● Exercise prompt
Check every line below, and copy those that include "consider".

-*-*-

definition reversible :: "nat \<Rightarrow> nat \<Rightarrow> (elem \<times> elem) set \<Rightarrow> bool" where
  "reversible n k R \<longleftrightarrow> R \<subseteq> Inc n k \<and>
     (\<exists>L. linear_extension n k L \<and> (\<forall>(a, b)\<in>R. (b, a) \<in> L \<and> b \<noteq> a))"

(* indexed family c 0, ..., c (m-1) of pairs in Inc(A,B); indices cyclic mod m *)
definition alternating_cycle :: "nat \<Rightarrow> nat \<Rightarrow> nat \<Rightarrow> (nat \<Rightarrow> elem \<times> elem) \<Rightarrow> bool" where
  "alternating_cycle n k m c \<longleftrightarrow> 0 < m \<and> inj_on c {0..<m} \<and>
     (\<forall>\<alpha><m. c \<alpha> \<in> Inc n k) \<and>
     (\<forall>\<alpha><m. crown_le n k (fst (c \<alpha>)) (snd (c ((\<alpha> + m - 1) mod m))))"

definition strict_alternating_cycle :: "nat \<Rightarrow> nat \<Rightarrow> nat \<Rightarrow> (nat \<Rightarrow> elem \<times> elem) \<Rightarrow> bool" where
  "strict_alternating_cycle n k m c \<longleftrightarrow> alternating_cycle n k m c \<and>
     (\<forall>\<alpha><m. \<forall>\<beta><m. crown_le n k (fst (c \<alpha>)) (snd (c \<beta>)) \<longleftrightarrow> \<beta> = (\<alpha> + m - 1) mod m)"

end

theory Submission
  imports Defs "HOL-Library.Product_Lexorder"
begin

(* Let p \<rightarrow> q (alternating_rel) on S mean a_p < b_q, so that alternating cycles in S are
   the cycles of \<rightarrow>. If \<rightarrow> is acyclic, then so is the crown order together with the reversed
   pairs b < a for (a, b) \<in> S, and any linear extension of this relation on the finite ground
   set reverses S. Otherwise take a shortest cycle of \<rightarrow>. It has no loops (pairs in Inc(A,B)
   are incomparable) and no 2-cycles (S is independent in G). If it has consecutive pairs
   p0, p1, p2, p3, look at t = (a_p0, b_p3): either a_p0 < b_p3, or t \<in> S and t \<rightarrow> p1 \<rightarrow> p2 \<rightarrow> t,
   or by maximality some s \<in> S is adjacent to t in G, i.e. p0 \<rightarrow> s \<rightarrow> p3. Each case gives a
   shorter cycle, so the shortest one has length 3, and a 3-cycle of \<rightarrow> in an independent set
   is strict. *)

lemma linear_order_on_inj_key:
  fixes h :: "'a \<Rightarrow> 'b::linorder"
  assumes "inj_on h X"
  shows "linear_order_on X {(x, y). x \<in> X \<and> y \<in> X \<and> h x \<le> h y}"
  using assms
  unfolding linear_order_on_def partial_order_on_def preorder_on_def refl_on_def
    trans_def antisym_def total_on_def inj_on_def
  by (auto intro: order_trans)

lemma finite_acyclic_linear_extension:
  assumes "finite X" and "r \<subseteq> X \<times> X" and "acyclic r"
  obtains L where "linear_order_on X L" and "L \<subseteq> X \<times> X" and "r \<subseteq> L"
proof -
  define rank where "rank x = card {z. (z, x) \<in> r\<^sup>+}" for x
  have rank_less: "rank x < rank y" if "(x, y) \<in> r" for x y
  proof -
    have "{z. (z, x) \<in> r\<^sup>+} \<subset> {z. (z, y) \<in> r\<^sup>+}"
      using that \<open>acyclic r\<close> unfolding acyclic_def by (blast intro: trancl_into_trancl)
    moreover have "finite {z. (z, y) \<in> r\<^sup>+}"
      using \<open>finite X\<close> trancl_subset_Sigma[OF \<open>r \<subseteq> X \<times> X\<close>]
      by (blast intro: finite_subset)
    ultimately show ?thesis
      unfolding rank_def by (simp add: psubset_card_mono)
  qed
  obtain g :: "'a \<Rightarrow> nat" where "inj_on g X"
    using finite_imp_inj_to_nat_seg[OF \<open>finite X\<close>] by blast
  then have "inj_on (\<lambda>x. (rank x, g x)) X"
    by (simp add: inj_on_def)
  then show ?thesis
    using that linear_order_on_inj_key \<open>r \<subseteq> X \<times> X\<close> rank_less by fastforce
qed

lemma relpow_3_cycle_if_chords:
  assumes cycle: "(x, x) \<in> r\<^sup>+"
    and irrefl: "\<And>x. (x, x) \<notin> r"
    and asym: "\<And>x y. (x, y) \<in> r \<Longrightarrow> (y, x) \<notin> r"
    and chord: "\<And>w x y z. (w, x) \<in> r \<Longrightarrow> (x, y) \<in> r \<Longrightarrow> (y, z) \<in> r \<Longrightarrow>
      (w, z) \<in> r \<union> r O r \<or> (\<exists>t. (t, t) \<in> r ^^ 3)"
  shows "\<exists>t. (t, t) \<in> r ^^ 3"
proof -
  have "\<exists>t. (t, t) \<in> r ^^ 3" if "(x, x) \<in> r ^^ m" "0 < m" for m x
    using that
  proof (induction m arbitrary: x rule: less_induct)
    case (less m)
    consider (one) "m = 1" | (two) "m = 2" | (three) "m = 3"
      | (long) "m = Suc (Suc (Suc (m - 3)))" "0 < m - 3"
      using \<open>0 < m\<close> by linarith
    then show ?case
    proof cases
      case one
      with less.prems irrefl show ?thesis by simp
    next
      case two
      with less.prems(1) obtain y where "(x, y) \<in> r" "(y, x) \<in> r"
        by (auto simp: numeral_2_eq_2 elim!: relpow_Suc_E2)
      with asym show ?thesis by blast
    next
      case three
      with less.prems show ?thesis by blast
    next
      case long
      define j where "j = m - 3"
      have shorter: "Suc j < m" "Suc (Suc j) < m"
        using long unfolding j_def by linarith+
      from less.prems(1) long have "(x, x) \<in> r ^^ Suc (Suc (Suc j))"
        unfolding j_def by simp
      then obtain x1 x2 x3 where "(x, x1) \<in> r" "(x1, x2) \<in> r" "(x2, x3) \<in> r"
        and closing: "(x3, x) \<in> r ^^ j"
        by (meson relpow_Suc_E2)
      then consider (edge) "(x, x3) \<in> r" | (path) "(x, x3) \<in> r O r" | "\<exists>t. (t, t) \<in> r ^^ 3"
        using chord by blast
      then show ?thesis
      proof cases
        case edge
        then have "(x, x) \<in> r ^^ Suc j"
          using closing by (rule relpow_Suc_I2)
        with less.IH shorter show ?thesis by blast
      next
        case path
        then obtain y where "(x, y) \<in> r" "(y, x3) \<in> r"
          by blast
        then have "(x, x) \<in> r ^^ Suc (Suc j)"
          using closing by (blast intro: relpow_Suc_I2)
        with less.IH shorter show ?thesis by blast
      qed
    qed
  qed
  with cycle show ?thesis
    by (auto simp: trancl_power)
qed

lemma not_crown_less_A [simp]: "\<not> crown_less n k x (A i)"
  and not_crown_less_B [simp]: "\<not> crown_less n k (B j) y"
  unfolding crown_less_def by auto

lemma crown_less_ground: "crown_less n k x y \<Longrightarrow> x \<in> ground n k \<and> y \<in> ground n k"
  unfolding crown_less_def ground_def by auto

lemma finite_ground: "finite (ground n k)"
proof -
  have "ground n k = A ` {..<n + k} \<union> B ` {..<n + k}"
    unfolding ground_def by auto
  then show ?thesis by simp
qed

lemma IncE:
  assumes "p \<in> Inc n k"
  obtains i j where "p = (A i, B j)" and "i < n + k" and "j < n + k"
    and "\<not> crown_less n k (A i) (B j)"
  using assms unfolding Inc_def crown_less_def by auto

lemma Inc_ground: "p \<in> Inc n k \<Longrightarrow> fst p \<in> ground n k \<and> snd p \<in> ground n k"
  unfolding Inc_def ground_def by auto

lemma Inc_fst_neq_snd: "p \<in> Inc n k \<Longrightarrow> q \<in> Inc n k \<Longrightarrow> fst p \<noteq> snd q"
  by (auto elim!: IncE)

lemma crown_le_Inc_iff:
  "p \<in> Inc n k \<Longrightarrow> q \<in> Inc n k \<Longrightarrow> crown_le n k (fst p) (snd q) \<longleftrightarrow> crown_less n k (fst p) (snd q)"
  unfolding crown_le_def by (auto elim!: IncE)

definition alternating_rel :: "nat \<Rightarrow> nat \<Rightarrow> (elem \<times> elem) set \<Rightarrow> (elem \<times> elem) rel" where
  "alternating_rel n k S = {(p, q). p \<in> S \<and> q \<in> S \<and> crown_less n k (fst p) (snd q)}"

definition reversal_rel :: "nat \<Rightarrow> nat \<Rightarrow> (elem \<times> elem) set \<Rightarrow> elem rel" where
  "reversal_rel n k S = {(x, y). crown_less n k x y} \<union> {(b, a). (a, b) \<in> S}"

-*-*-

● Response to this exercise
    consider (one) "m = 1" | (two) "m = 2" | (three) "m = 3"
      then consider (edge) "(x, x3) \<in> r" | (path) "(x, x3) \<in> r O r" | "\<exists>t. (t, t) \<in> r ^^ 3"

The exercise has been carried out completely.